Records for this task Block Start

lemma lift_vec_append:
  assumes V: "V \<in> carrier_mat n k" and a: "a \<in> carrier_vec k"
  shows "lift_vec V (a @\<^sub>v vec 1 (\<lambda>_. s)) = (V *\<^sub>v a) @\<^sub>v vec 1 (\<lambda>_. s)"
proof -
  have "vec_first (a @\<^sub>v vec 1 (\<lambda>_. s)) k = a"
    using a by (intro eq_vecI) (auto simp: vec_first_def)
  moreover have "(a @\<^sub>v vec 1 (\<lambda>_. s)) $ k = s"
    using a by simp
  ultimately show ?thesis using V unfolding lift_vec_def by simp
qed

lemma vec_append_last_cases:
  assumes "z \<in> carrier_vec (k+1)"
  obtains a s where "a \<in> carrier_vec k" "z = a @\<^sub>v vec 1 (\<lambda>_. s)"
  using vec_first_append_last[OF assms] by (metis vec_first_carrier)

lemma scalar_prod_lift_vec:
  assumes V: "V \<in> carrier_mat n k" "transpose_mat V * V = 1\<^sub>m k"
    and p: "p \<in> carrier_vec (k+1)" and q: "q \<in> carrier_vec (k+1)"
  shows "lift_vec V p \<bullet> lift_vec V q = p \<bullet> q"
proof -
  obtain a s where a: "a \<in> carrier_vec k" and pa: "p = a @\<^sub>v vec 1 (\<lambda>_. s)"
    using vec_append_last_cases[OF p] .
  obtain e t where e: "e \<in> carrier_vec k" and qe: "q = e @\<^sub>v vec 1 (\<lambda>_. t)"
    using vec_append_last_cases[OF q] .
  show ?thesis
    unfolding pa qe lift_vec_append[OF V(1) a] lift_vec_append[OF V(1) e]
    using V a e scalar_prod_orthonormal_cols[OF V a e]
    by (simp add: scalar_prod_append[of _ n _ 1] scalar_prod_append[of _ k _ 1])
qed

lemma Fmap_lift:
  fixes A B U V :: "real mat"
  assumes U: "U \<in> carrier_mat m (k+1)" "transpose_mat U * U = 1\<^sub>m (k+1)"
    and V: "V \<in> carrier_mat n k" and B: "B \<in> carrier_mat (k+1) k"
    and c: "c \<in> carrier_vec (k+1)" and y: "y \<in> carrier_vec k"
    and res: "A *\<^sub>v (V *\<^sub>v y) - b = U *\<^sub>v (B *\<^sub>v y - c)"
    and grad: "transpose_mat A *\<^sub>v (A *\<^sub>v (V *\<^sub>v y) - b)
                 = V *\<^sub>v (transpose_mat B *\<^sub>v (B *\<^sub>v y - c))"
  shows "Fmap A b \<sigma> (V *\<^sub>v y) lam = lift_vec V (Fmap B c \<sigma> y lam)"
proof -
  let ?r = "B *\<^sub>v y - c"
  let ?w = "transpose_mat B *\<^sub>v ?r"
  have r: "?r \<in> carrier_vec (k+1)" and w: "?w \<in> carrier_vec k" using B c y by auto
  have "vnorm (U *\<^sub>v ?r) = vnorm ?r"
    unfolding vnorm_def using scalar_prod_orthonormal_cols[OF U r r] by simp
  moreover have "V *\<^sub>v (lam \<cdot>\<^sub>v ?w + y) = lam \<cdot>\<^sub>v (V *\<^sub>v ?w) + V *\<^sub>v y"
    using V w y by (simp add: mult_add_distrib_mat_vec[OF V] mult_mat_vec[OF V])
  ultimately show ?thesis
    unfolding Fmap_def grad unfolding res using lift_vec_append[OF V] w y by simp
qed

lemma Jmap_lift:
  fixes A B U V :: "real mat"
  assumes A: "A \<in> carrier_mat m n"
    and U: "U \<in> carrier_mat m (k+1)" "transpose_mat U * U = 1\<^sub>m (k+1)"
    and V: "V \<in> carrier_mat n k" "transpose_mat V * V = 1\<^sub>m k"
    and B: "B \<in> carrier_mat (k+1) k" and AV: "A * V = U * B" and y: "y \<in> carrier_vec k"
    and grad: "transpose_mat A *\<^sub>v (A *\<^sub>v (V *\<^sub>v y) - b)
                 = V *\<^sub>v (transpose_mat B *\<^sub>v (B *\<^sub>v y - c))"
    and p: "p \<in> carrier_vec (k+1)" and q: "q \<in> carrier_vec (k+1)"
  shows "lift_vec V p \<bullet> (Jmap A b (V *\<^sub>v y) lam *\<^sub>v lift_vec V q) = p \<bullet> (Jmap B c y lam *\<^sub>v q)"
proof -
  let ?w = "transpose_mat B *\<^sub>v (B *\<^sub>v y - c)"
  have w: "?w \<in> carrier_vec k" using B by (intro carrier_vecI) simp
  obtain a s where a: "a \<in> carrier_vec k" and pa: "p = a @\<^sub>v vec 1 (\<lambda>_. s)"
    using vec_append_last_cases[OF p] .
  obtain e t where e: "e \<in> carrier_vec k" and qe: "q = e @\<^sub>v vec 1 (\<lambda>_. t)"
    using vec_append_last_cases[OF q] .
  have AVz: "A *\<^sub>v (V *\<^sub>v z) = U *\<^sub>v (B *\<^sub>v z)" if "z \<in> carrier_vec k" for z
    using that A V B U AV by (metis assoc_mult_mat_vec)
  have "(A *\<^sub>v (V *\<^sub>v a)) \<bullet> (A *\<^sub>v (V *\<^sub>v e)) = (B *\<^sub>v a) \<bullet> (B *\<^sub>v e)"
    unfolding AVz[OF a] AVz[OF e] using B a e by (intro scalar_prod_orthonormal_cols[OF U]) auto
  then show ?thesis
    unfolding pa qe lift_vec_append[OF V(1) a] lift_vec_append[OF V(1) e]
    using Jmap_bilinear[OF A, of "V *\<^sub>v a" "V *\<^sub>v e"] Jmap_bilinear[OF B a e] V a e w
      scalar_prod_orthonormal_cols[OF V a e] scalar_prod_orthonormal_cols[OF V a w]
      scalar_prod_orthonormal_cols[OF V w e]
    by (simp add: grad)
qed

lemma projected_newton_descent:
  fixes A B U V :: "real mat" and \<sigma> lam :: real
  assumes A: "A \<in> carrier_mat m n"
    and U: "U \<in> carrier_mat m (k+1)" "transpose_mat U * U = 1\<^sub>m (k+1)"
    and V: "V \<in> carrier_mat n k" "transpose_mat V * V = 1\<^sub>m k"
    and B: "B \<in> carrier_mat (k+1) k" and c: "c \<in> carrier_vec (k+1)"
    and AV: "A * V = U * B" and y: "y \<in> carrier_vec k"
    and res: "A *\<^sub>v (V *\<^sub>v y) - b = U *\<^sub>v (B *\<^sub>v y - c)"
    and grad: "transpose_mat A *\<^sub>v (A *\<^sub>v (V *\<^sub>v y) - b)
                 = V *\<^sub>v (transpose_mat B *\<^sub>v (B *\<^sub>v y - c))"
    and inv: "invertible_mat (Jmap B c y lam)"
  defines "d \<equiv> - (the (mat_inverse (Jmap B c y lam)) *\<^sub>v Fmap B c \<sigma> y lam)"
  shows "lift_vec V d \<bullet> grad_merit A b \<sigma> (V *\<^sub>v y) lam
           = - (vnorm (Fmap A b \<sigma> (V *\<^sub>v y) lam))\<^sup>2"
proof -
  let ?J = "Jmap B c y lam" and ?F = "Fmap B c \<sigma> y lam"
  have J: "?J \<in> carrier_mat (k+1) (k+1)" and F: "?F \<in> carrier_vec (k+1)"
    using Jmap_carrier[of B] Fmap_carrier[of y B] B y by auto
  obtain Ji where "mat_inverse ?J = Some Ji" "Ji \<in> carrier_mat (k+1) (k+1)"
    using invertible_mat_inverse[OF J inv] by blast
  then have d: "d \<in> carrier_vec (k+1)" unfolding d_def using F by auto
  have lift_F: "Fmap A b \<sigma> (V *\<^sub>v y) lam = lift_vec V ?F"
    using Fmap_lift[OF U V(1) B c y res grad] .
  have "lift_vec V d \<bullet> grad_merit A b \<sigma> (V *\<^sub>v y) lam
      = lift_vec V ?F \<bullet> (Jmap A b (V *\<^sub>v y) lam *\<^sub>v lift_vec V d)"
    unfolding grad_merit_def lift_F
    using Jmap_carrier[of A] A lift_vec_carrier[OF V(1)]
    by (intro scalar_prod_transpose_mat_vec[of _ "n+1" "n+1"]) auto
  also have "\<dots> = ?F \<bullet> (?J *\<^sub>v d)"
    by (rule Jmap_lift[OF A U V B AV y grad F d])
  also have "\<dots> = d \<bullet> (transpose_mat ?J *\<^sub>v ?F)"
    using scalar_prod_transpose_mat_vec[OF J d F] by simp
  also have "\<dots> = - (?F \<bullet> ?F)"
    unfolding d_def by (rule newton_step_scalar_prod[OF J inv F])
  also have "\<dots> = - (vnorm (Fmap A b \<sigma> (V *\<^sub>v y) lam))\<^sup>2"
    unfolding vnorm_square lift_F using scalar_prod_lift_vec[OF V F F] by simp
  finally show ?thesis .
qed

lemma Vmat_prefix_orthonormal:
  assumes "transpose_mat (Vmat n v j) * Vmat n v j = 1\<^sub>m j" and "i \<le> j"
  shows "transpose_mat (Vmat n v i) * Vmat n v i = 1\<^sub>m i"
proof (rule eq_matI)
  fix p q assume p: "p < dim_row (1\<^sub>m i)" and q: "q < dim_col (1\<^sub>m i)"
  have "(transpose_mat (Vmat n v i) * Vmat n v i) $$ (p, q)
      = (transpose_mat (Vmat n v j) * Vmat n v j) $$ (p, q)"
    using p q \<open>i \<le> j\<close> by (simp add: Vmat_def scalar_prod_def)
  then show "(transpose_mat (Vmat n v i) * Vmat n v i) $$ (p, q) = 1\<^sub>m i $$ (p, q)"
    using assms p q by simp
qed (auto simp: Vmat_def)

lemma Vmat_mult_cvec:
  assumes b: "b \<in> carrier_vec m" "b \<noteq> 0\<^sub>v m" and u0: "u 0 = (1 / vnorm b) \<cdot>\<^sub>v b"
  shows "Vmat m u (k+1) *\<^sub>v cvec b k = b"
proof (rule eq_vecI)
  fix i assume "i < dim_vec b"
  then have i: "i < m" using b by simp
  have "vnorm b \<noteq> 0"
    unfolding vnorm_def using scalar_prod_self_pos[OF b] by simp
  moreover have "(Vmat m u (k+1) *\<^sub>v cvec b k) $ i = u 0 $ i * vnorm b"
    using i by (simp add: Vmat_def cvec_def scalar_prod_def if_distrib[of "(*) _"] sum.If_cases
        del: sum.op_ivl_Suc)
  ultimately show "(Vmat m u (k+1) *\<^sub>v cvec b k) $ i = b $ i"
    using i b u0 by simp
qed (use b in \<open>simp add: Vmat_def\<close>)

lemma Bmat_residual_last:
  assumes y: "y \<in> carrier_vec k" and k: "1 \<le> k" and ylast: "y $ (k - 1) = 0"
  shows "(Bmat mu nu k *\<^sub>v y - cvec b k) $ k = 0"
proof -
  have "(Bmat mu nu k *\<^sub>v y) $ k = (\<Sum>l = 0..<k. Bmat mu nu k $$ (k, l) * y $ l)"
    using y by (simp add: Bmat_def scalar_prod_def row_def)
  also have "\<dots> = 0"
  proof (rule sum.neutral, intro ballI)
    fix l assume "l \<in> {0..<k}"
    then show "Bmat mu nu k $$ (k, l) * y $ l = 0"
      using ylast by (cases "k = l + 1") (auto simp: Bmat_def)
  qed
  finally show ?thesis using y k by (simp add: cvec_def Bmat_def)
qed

Records for this task Block End

• [Assigned task] Find the lines in the records that contain the word "metis", then copy every one of them.

• [Written response]
  using vec_first_append_last[OF assms] by (metis vec_first_carrier)
    using that A V B U AV by (metis assoc_mult_mat_vec)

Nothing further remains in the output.